I’ll only add that Larry rarely gets it right, and Wall Street is *never* as simple as it seems. He’s wrong about how many people want a public option, he’s wrong about its effect on the free market. As usual, he merely parrots the corporate line.
» on 09.12.09 @ 11:17 PM
The Welfare disaster, DMV, Parks and rec, Social services,—ACORN support-9 Billion going to socialist crooks—-Our Money???
» on 09.13.09 @ 04:46 PM
“govt. does nothing well” implies that all the things s/he mentions are evidence of govt incompetence, therefore a public option for health care will also be a disaster. At least that’s what I *think* s/he means because s/he is speaking in code instead of coherent thought. In fact, none of the things in his/her list are examples of what s/he thinks they are.
-What exactly is the “welfare disaster”? Do you simply object to the idea of a social safety net? That would explain a lot, but since you don’t really say anything I guess I’m putting words in your mouth. Don’t like it? They try speaking in sentences.
-The DMV is not federal, and is actually run quite efficiently.
-The National Parks System is something that everyone benefits from, and they do an amazing job with hardly any money. Besides, how can you complain about being able to spend a night out in a beautiful place for 20-30 bucks? Or are you just pissed off because you can’t shoot your assault rifle in Yosemite?
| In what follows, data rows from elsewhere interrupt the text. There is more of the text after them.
lemma hermitian_deflation:
  assumes A: "hermitian (Suc m) A"
  obtains W e where "unitary (Suc m) W" "hermitian (Suc m) (mat_adjoint W * A * W)"
    "\<And>i. i < Suc m \<Longrightarrow> (mat_adjoint W * A * W) $$ (i,0) = (if i = 0 then complex_of_real e else 0)"
proof -
  let ?n = "Suc m"
  have Ac: "A \<in> carrier_mat ?n ?n" using A unfolding hermitian_def by simp
  obtain es where es: "char_poly A = (\<Prod>a\<leftarrow>es. [:- a, 1:])" "length es = ?n"
    using char_poly_factorized[OF Ac] by blast
  then obtain e es' where "es = e # es'" by (cases es) auto
  then have "poly (char_poly A) e = 0" unfolding es(1) by simp
  then have "eigenvalue A e" using eigenvalue_root_char_poly[OF Ac] by simp
  then have "eigenvector A (find_eigenvector A e) e" by (rule find_eigenvector[OF Ac])
  then obtain v where v: "v \<in> carrier_vec ?n" "v \<noteq> 0\<^sub>v ?n" "A *\<^sub>v v = e \<cdot>\<^sub>v v"
    unfolding eigenvector_def using Ac by auto
  obtain W c where W: "unitary ?n W" and colW: "col W 0 = c \<cdot>\<^sub>v v"
    using unitary_with_first_col[OF v(1,2)] by blast
  have Wc: "W \<in> carrier_mat ?n ?n" and W1: "mat_adjoint W * W = 1\<^sub>m ?n"
    using W unfolding unitary_def by auto
  have AW0: "(A * W) $$ (k,0) = e * W $$ (k,0)" if "k < ?n" for k
  proof -
    have eig: "A *\<^sub>v col W 0 = e \<cdot>\<^sub>v col W 0"
      unfolding colW using v Ac by (simp add: mult_mat_vec smult_smult_assoc mult.commute)
    have "(A * W) $$ (k,0) = (A *\<^sub>v col W 0) $ k" using Ac Wc that by simp
    then show ?thesis unfolding eig using Wc that by simp
  qed
  define A' where "A' = mat_adjoint W * A * W"
  have herm': "hermitian ?n A'" unfolding A'_def by (rule hermitian_unitary_conj[OF A Wc])
  have A'col: "A' $$ (i,0) = (if i = 0 then e else 0)" if i: "i < ?n" for i
  proof -
    have "A' = mat_adjoint W * (A * W)" unfolding A'_def using Ac Wc by (simp add: assoc_mult_mat[of _ ?n ?n])
    then have "A' $$ (i,0) = (\<Sum>k<?n. mat_adjoint W $$ (i,k) * (A * W) $$ (k,0))"
      using index_mult_mat_sum[OF mat_adjoint_carrier[OF Wc] mult_carrier_mat[OF Ac Wc] i zero_less_Suc]
      by simp
    also have "\<dots> = e * (\<Sum>k<?n. mat_adjoint W $$ (i,k) * W $$ (k,0))"
      unfolding sum_distrib_left by (intro sum.cong refl) (simp add: AW0 del: index_mult_mat)
    also have "(\<Sum>k<?n. mat_adjoint W $$ (i,k) * W $$ (k,0)) = (mat_adjoint W * W) $$ (i,0)"
      by (rule index_mult_mat_sum[OF mat_adjoint_carrier[OF Wc] Wc i zero_less_Suc, symmetric])
    finally show ?thesis unfolding W1 using i by simp
  qed
  have "A' $$ (0,0) = cnj (A' $$ (0,0))" using herm' unfolding hermitian_iff_entries by blast
  then have "cnj e = e" using A'col[of 0] by simp
  then have e_real: "complex_of_real (Re e) = e" by (simp add: Reals_cnj_iff of_real_Re)
  show ?thesis
  proof (rule that[OF W])
    show "hermitian ?n (mat_adjoint W * A * W)" using herm' unfolding A'_def .
    show "(mat_adjoint W * A * W) $$ (i,0) = (if i = 0 then complex_of_real (Re e) else 0)"
      if "i < ?n" for i
      using A'col[OF that] unfolding A'_def e_real .
  qed
qed

lemma unitary_conj_cancel:
  assumes U: "unitary n U" and A: "A \<in> carrier_mat n n"
  shows "U * (mat_adjoint U * A * U) * mat_adjoint U = A"
proof -
  have Uc: "U \<in> carrier_mat n n" and aU: "mat_adjoint U \<in> carrier_mat n n"
    and U2: "U * mat_adjoint U = 1\<^sub>m n" using U unfolding unitary_def by auto
  have "U * (mat_adjoint U * A * U) * mat_adjoint U = U * (mat_adjoint U * A * U * mat_adjoint U)"
    using Uc aU A by (intro assoc_mult_mat) auto
  also have "mat_adjoint U * A * U * mat_adjoint U = mat_adjoint U * A * (U * mat_adjoint U)"
    using Uc aU A by (intro assoc_mult_mat) auto
  also have "\<dots> = mat_adjoint U * A" using U2 aU A by simp
  also have "U * (mat_adjoint U * A) = (U * mat_adjoint U) * A"
    using Uc aU A by (intro assoc_mult_mat[symmetric]) auto
  finally show ?thesis using A by (simp add: U2)
qed

lemma conj_mat_mult:
  fixes U V D :: "complex mat"
  assumes U: "U \<in> carrier_mat n n" and V: "V \<in> carrier_mat n n" and D: "D \<in> carrier_mat n n"
  shows "U * (V * D * mat_adjoint V) * mat_adjoint U = (U * V) * D * mat_adjoint (U * V)"
proof -
  have aU: "mat_adjoint U \<in> carrier_mat n n" and aV: "mat_adjoint V \<in> carrier_mat n n"
    using U V by auto
  have "U * (V * D * mat_adjoint V) = U * (V * D) * mat_adjoint V"
    using U V D aV by (intro assoc_mult_mat[symmetric]) auto
  also have "U * (V * D) = U * V * D" using U V D by (intro assoc_mult_mat[symmetric]) auto
  finally have "U * (V * D * mat_adjoint V) * mat_adjoint U = U * V * D * mat_adjoint V * mat_adjoint U"
    by simp
  also have "\<dots> = U * V * D * (mat_adjoint V * mat_adjoint U)"
    using U V D aU aV by (intro assoc_mult_mat) auto
  finally show ?thesis by (simp add: mat_adjoint_mult[OF U V])
qed

theorem hermitian_spectral:
  assumes "hermitian n A"
  shows "\<exists>U l. unitary n U \<and> A = U * real_diag_mat n l * mat_adjoint U"
  using assms
proof (induction n arbitrary: A)
  case 0
  then have "A \<in> carrier_mat 0 0" by (simp add: hermitian_def)
  then have "A = 1\<^sub>m 0 * real_diag_mat 0 (\<lambda>_. 0) * mat_adjoint (1\<^sub>m 0)"
    by (intro eq_matI) simp_all
  then show ?case using unitary_one by blast
next
  case (Suc m A)
  let ?n = "Suc m"
  obtain W e where W: "unitary ?n W" and herm': "hermitian ?n (mat_adjoint W * A * W)"
    and col0: "\<And>i. i < ?n \<Longrightarrow> (mat_adjoint W * A * W) $$ (i,0) = (if i = 0 then complex_of_real e else 0)"
    using hermitian_deflation[OF Suc.prems] by blast
  define A' where "A' = mat_adjoint W * A * W"
  have A'c: "A' \<in> carrier_mat ?n ?n" and A'h: "\<And>i j. i < ?n \<Longrightarrow> j < ?n \<Longrightarrow> A' $$ (j,i) = cnj (A' $$ (i,j))"
    using herm' unfolding A'_def hermitian_iff_entries by blast+
  have row0: "A' $$ (0,j) = (if j = 0 then complex_of_real e else 0)" if "j < ?n" for j
    using A'h[OF that, of 0] col0[OF that] unfolding A'_def by simp
  define A3 where "A3 = mat m m (\<lambda>(i,j). A' $$ (Suc i, Suc j))"
  have "hermitian m A3" unfolding hermitian_iff_entries
  proof (intro conjI allI impI)
    fix i j assume "i < m" "j < m"
    then show "A3 $$ (j, i) = cnj (A3 $$ (i, j))" unfolding A3_def using A'h[of "Suc i" "Suc j"] by simp
  qed (simp add: A3_def)
  with Suc.IH obtain V l3 where V: "unitary m V" and A3: "A3 = V * real_diag_mat m l3 * mat_adjoint V"
    by blast
  have Vc: "V \<in> carrier_mat m m" using V unfolding unitary_def by auto
  define Q where "Q = one_dsum_mat m V"
  define l where "l i = (if i = 0 then e else l3 (i - 1))" for i
  have Q: "unitary ?n Q" unfolding Q_def by (rule unitary_one_dsum_mat[OF V])
  have Qc: "Q \<in> carrier_mat ?n ?n" unfolding Q_def by simp
  have A'eq: "A' = Q * real_diag_mat ?n l * mat_adjoint Q"
  proof (rule eq_matI)
    fix i j assume "i < dim_row (Q * real_diag_mat ?n l * mat_adjoint Q)"
      "j < dim_col (Q * real_diag_mat ?n l * mat_adjoint Q)"
    then have i: "i < ?n" and j: "j < ?n" using Qc by auto
    have "(Q * real_diag_mat ?n l * mat_adjoint Q) $$ (i,j)
        = Q $$ (i,0) * l 0 * cnj (Q $$ (j,0)) + (\<Sum>k<m. Q $$ (i,Suc k) * l (Suc k) * cnj (Q $$ (j,Suc k)))"
      unfolding index_mult_real_diag_adjoint[OF Qc i j] by (rule sum.lessThan_Suc_shift)
    also have "\<dots> = A' $$ (i,j)"
    proof (cases i; cases j)
      fix i' j' assume ij: "i = Suc i'" "j = Suc j'"
      then have "A' $$ (i,j) = (V * real_diag_mat m l3 * mat_adjoint V) $$ (i',j')"
        using i j unfolding A3[symmetric] A3_def by simp
      then show ?thesis using i j ij by (simp add: index_mult_real_diag_adjoint[OF Vc] Q_def one_dsum_mat_def l_def)
    qed (use i j row0 col0 in \<open>auto simp: Q_def one_dsum_mat_def l_def A'_def\<close>)
    finally show "A' $$ (i,j) = (Q * real_diag_mat ?n l * mat_adjoint Q) $$ (i,j)" by simp
  qed (use Qc A'c in simp_all)
  have "A = W * A' * mat_adjoint W"
    unfolding A'_def using unitary_conj_cancel[OF W] Suc.prems by (simp add: hermitian_def)
  also have "\<dots> = (W * Q) * real_diag_mat ?n l * mat_adjoint (W * Q)"
    unfolding A'eq using W by (intro conj_mat_mult[OF _ Qc real_diag_mat_carrier]) (simp add: unitary_def)
  finally show ?case using unitary_mult[OF W Q] by blast
qed

section \<open>Entropy of probability vectors\<close>

definition eta :: "real \<Rightarrow> real" where "eta x = - (x * ln x)"

lemma ln_sub_ln_ge:
  fixes x y :: real
  assumes "x > 0" "y > 0"
  shows "ln x - ln y \<ge> 1 - y / x"
proof -
  have "ln (y / x) \<le> y / x - 1" using assms by (intro ln_le_minus_one) simp
  moreover have "ln (y / x) = ln y - ln x" using assms by (simp add: ln_div)
  ultimately show ?thesis by linarith
qed

lemma sum_weighted_eta_le:
  fixes w x :: "'k \<Rightarrow> real"
  assumes K: "finite K" and w: "\<And>k. k \<in> K \<Longrightarrow> w k \<ge> 0" and x: "\<And>k. k \<in> K \<Longrightarrow> x k \<ge> 0"
    and w_sum: "(\<Sum>k\<in>K. w k) \<le> 1"
  shows "(\<Sum>k\<in>K. w k * eta (x k)) \<le> eta (\<Sum>k\<in>K. w k * x k)"
proof -
  define p where "p = (\<Sum>k\<in>K. w k * x k)"
  have p0: "p \<ge> 0" unfolding p_def using w x by (intro sum_nonneg) auto
  show ?thesis
  proof (cases "p = 0")
    case True
    then have "\<forall>k\<in>K. w k * x k = 0"
      using sum_nonneg_eq_0_iff[OF K, of "\<lambda>k. w k * x k"] w x unfolding p_def by auto
    then have "(\<Sum>k\<in>K. w k * eta (x k)) = 0" unfolding eta_def by (intro sum.neutral) auto
    then show ?thesis using True unfolding p_def eta_def by simp
  next
    case False
    then have pp: "p > 0" using p0 by auto
    have pointwise: "w k * x k * (ln (x k) - ln p) \<ge> w k * x k - w k * p" if k: "k \<in> K" for k
    proof (cases "x k = 0")
      case True then show ?thesis using w[OF k] pp by simp
    next
      case False
      then have lk: "x k > 0" using x[OF k] by auto
      have "w k * x k * (ln (x k) - ln p) \<ge> w k * x k * (1 - p / x k)"
        using ln_sub_ln_ge[OF lk pp] w[OF k] lk by (intro mult_left_mono) auto
      also have "w k * x k * (1 - p / x k) = w k * x k - w k * p" using lk by (simp add: field_simps)
      finally show ?thesis .
    qed
    have "(\<Sum>k\<in>K. w k * x k - w k * p) = (\<Sum>k\<in>K. w k * x k) - (\<Sum>k\<in>K. w k) * p"
      by (simp add: sum_subtractf sum_distrib_right)
    then have "p - p * (\<Sum>k\<in>K. w k) = (\<Sum>k\<in>K. w k * x k - w k * p)"
      unfolding p_def by simp
    also have "\<dots> \<le> (\<Sum>k\<in>K. w k * x k * (ln (x k) - ln p))"
      by (rule sum_mono) (rule pointwise)
    also have "\<dots> = (\<Sum>k\<in>K. w k * x k * ln (x k)) - p * ln p"
      unfolding p_def by (simp add: right_diff_distrib sum_subtractf sum_distrib_right)
    finally have "(\<Sum>k\<in>K. w k * x k * ln (x k)) - p * ln p \<ge> 0"
      using w_sum pp by (smt (verit) mult_left_le)
    then show ?thesis unfolding eta_def p_def[symmetric] by (simp add: sum_negf ac_simps)
  qed
qed

lemma sum_eta_le_marginals:
  fixes p :: "nat \<Rightarrow> nat \<Rightarrow> real"
  assumes p: "\<And>a c. a < NA \<Longrightarrow> c < NC \<Longrightarrow> p a c \<ge> 0"
    and p_sum: "(\<Sum>a<NA. \<Sum>c<NC. p a c) = 1"
  shows "(\<Sum>a<NA. \<Sum>c<NC. eta (p a c))
    \<le> (\<Sum>a<NA. eta (\<Sum>c<NC. p a c)) + (\<Sum>c<NC. eta (\<Sum>a<NA. p a c))"
proof -
  define q where "q a = (\<Sum>c<NC. p a c)" for a
  define r where "r c = (\<Sum>a<NA. p a c)" for c
  have q0: "q a \<ge> 0" if "a < NA" for a unfolding q_def using p that by (intro sum_nonneg) auto
  have r0: "r c \<ge> 0" if "c < NC" for c unfolding r_def using p that by (intro sum_nonneg) auto
  have pointwise: "p a c * (ln (p a c) - ln (q a) - ln (r c)) \<ge> p a c - q a * r c"
    if a: "a < NA" and c: "c < NC" for a c
  proof (cases "p a c = 0")
    case True then show ?thesis using q0[OF a] r0[OF c] by simp
  next
    case False
    then have pp: "p a c > 0" using p[OF a c] by auto
    have "p a c \<le> q a" unfolding q_def using p a c by (intro member_le_sum) auto
    then have qp: "q a > 0" using pp by auto
    have "p a c \<le> r c" unfolding r_def using p a c
      by (intro member_le_sum[of a "{..<NA}" "\<lambda>a. p a c"]) auto
    then have rp: "r c > 0" using pp by auto
    have "p a c * (1 - q a * r c / p a c) \<le> p a c * (ln (p a c) - ln (q a * r c))"
      using ln_sub_ln_ge[OF pp] qp rp pp by (intro mult_left_mono) auto
    moreover have "p a c * (1 - q a * r c / p a c) = p a c - q a * r c" using pp by (simp add: field_simps)
    moreover have "ln (q a * r c) = ln (q a) + ln (r c)" using qp rp by (simp add: ln_mult)
    ultimately show ?thesis by (simp add: algebra_simps)
  qed
  have qr_sum: "(\<Sum>a<NA. \<Sum>c<NC. q a * r c) = 1"
  proof -
    have "(\<Sum>a<NA. q a) = 1" "(\<Sum>c<NC. r c) = 1"
      using p_sum unfolding q_def r_def by (simp_all add: sum.swap[of _ "{..<NC}"])
    then show ?thesis by (simp add: sum_product[symmetric])
  qed
  have "0 = (\<Sum>a<NA. \<Sum>c<NC. p a c - q a * r c)"
    using p_sum qr_sum by (simp add: sum_subtractf)
  also have "\<dots> \<le> (\<Sum>a<NA. \<Sum>c<NC. p a c * (ln (p a c) - ln (q a) - ln (r c)))"
    by (intro sum_mono pointwise) auto
  also have "\<dots> = (\<Sum>a<NA. \<Sum>c<NC. p a c * ln (p a c)) - (\<Sum>a<NA. q a * ln (q a)) - (\<Sum>c<NC. r c * ln (r c))"
    unfolding q_def r_def
    by (simp add: right_diff_distrib sum_subtractf sum_distrib_right sum.swap[of _ "{..<NC}"])
  finally show ?thesis unfolding eta_def q_def[symmetric] r_def[symmetric] by (simp add: sum_negf)
qed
-ACORN helped a lot of people and is still helping people in need. Do some research.
-You apparently don’t know what socialism is, so you shouldn’t use big words like that if you don’t know what they mean.
-Even if all the things you mention were examples of government’s incompetence, and if you’d tried you surely could have come up with some real ones, they have nothing to do with health care reform! Try looking at Medicare, Medicaid, and yes even the Veteran’s Admin for good examples of health care systems. They’re not perfect but they work, and most people are satisfied with them.
I may disagree with you about health care reform ideas, but it’s hard to even know what you’re saying if all you do is spit out fractions of sound bites. Your approach is typical of people who don’t try to learn about reality and are complacent to just listen to conservative opiniotainment, thinking it makes them informed. It’s rather sad.